The invention is hereinafter discussed with reference to the accompanying drawing, in which:

FIG. 1 is a characteristic current vs. voltage (I-V) curve for single crystal yttrium-iron-garnet (YIG) to which has been added silicon as a dopant and shows a high resistance branch and a negative resistance branch bridged by a transition region;

FIG. 2 shows curves of voltage vs. time respectively across a crystal, having the I-V characteristics of FIG. 1, and a series resistance and across the crystal only;

FIG. 3 shows curves of voltage vs. time respectively across a crystal, having the I-V characteristics of FIG. 1, and a series resistance and across the crystal only, the voltage across the crystal only in FIG. 3 being slightly higher than the voltage shown in FIG. 2, thereby to bias the crystal to operate in said negative resistance branch and to provide oscillations;

FIG. 4 shows I-V characteristics for a Si-YIG crystal similar to that having the characteristic curve of FIG. 1 and shows a binary mode of operation having a high resistance normal state and a low resistance memory state;

FIG. 5 shows I-V characteristics similar to that shown in FIG. 1 except for two different dopant levels in the crystal;

FIG. 6 is a schematic circuit diagram, partially in block diagram form, of a circuit adapted to provide the curves shown in FIGS. 1-5;

FIG. 7 illustrates a matrix employing the class of materials herein discussed;

FIGS. 8A to FIG. 8D illustrate another matrix employing one group of the materials herein described; and

FIGS. 9A and 9B illustrate a matrix similar to that shown in FIGS. 8A to 8D .

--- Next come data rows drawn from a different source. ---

(* Let $k\ge 3$ be an integer and let $G\in\mathcal{F}_v(k-1,k-1;k)$ with $|V(G)|=F_v(k-1,k-1;k)$. Let $f(G)$ be the largest number of vertices of a $K_{k-1}$-free induced subgraph of $G$. Then $$F_v(J_k,J_k;k)\le 3F_v(k-1,k-1;k)-f(G).$$
   Context: All graphs are finite and simple. $J_n$ denotes $K_n$ with one edge removed. An integer $a$ used in place of a graph denotes $K_a$. "A graph $F$ contains $H$" means $F$ has a (not necessarily induced) subgraph isomorphic to $H$. $G\rightarrow(H_1,H_2)^v$ means: for every partition $V(G)=X_1\cup X_2$ there is $i$ such that the subgraph induced by $X_i$ contains $H_i$. $\mathcal{F}_v(H_1,H_2;k)$ is the set of $K_k$-free graphs $G$ with $G\rightarrow(H_1,H_2)^v$, and $F_v(H_1,H_2;k)$ is the minimum number of vertices of a graph in this set. *)

theory Defs
  imports Main
begin

type_synonym 'a graph = "'a set \<times> 'a set set"

definition verts :: "'a graph \<Rightarrow> 'a set" where "verts G = fst G"
definition edges :: "'a graph \<Rightarrow> 'a set set" where "edges G = snd G"

definition wf_graph :: "'a graph \<Rightarrow> bool" where
  "wf_graph G \<longleftrightarrow> finite (verts G) \<and>
     (\<forall>e\<in>edges G. \<exists>u v. u \<noteq> v \<and> u \<in> verts G \<and> v \<in> verts G \<and> e = {u, v})"

definition contains :: "'a graph \<Rightarrow> 'b graph \<Rightarrow> bool" where
  "contains F H \<longleftrightarrow> (\<exists>f. inj_on f (verts H) \<and> f ` verts H \<subseteq> verts F \<and>
     (\<forall>e\<in>edges H. f ` e \<in> edges F))"
lemma card_esc_blocks_fibre:
  assumes "distinct bs" "partition_on {1..n} (set bs)"
  shows "card {\<sigma>. \<sigma> permutes {1..n} \<and> esc_blocks n (map card bs) \<sigma> = bs} = (\<Prod>B\<leftarrow>bs. fact (card B))"
proof -
  let ?ss = "map card bs"
  let ?Ls = "map (esc_label_set n ?ss) [1..<Suc (length bs)]"
  have U: "\<Union>(set bs) = {1..n}" and disj: "disjoint (set bs)"
    using assms(2) by (auto simp: partition_on_def)
  have fin: "\<forall>B\<in>set bs. finite B"
    using U by (metis Union_upper finite_atLeastAtMost finite_subset)
  have sum: "sum_list ?ss = n" using map_card_in_esc_comps[OF assms] by (simp add: esc_comps_def)
  have UL: "\<Union>(set ?Ls) = {1..n}"
    using Union_esc_label_sets[OF sum] by (simp add: atLeastLessThanSuc_atLeastAtMost del: upt_Suc)
  have "\<sigma> permutes {1..n} \<and> esc_blocks n ?ss \<sigma> = bs \<longleftrightarrow> \<sigma> \<in> block_maps bs ?Ls" for \<sigma>
  proof
    assume "\<sigma> permutes {1..n} \<and> esc_blocks n ?ss \<sigma> = bs"
    then show "\<sigma> \<in> block_maps bs ?Ls"
      using U esc_blocks_eq_iff[of \<sigma> n bs ?ss]
      by (auto simp: block_maps_def permutes_not_in simp del: upt_Suc)
  next
    assume \<sigma>: "\<sigma> \<in> block_maps bs ?Ls"
    have "\<sigma> permutes {1..n}" by (rule block_maps_permutes[OF \<sigma> U UL]) simp
    then show "\<sigma> permutes {1..n} \<and> esc_blocks n ?ss \<sigma> = bs"
      using \<sigma> esc_blocks_eq_iff[of \<sigma> n bs ?ss] by (simp add: block_maps_def del: upt_Suc)
  qed
  then have "{\<sigma>. \<sigma> permutes {1..n} \<and> esc_blocks n ?ss \<sigma> = bs} = block_maps bs ?Ls" by blast
  moreover have "list_all2 (\<lambda>A B. finite A \<and> finite B \<and> card A = card B) bs ?Ls"
    using fin sum finite_subset[OF esc_label_set_subset]
    by (auto simp: list_all2_conv_all_nth card_esc_label_set simp del: upt_Suc)
  moreover have "sorted_wrt disjnt bs"
    using assms(1) disj
    by (auto simp: sorted_wrt_iff_nth_less pairwise_def nth_eq_iff_index_eq)
  ultimately show ?thesis by (simp add: card_block_maps)
qed

lemma card_esc_partition_fibre:
  assumes "ss \<in> esc_comps n"
  shows "card {\<sigma>. \<sigma> permutes {1..n} \<and> esc_partition n ss \<sigma> = \<pi>}
       = (\<Sum>bs\<in>permutations_of_set \<pi>. card {\<sigma>. \<sigma> permutes {1..n} \<and> esc_blocks n ss \<sigma> = bs})"
proof -
  have "\<sigma> permutes {1..n} \<and> esc_partition n ss \<sigma> = \<pi> \<longleftrightarrow>
      (\<exists>bs\<in>permutations_of_set \<pi>. \<sigma> permutes {1..n} \<and> esc_blocks n ss \<sigma> = bs)" for \<sigma>
    using distinct_esc_blocks[OF _ assms, of \<sigma>] set_esc_blocks[of n ss \<sigma>]
    by (auto simp: permutations_of_set_def)
  then have "{\<sigma>. \<sigma> permutes {1..n} \<and> esc_partition n ss \<sigma> = \<pi>}
      = (\<Union>bs\<in>permutations_of_set \<pi>. {\<sigma>. \<sigma> permutes {1..n} \<and> esc_blocks n ss \<sigma> = bs})"
    by blast
  moreover have "finite {\<sigma>. \<sigma> permutes {1..n} \<and> esc_blocks n ss \<sigma> = bs}" for bs
    using finite_permutations[of "{1..n}"] by (rule finite_subset[rotated]) auto
  ultimately show ?thesis
    by (simp only:) (rule card_UN_disjoint; auto)
qed

lemma length_le_sum_list_pos: "\<forall>s\<in>set ss. 0 < s \<Longrightarrow> length ss \<le> sum_list (ss :: nat list)"
  by (induction ss) auto

lemma finite_esc_comps: "finite (esc_comps n)"
proof (rule finite_subset)
  show "esc_comps n \<subseteq> {ss. set ss \<subseteq> {0..n} \<and> length ss \<le> n}"
    unfolding esc_comps_def using length_le_sum_list_pos member_le_sum_list by fastforce
  show "finite {ss. set ss \<subseteq> {0..n} \<and> length ss \<le> n}"
    by (rule finite_lists_length_le) simp
qed

lemma esc_seq_weight_nonneg: "esc_seq_weight mu ss \<ge> 0"
  unfolding esc_seq_weight_def by (rule prod_list_nonneg) auto

definition esc_weight :: "nat pmf \<Rightarrow> nat set set \<Rightarrow> real" where
  "esc_weight mu \<pi> = fact (card \<pi>) * (\<Prod>B\<in>\<pi>. pmf mu (card B) * fact (card B))"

The invention herein disclosed is concerned primarily with iron oxide bearing, single crystal and polycrystalline materials which display ferromagnetic properties, which display a nonlinear current vs. voltage (I-V) characteristic that includes a high resistance branch and a negative resistance branch, and which also display memory characteristics. Said materials have a resistivity vs. temperature characteristic such that the resistance decreases substantially with increasing temperature within the range of temperatures to which such materials (or areas in the materials) are subjected in the course of use in operating devices (i.e., typically 300.degree. to 900.degree. K for the yttrium-iron-garnet material discussed herein in greatest detail). The material properties are such that when devices embodying it are operated in either the negative resistance branch or in the memory state, the ferromagnetic curie point of the material is exceeded and the ordered magnetic properties of the material are totally destroyed. The materials of interest include garnets (e.g., Y.sub.3 Fe.sub.5 O.sub.12, Y.sub.3 Fe.sub.5.sub.-x Ga.sub.x O.sub.12, Y.sub.3 Fe.sub.5.sub.-x Al.sub.x O.sub.12, where x varies from zero to one), orthoferrites (e.g., YFeO.sub.3, TbFeO.sub.3), and spinels (e.g., NiFe.sub.2 O.sub.4, FeFe.sub.2 O.sub.4, MgFe.sub.2 O.sub.4, MnFe.sub.2 O.sub.4, and CoFe.sub.2 O.sub.4 plus various solid solutions of these compounds).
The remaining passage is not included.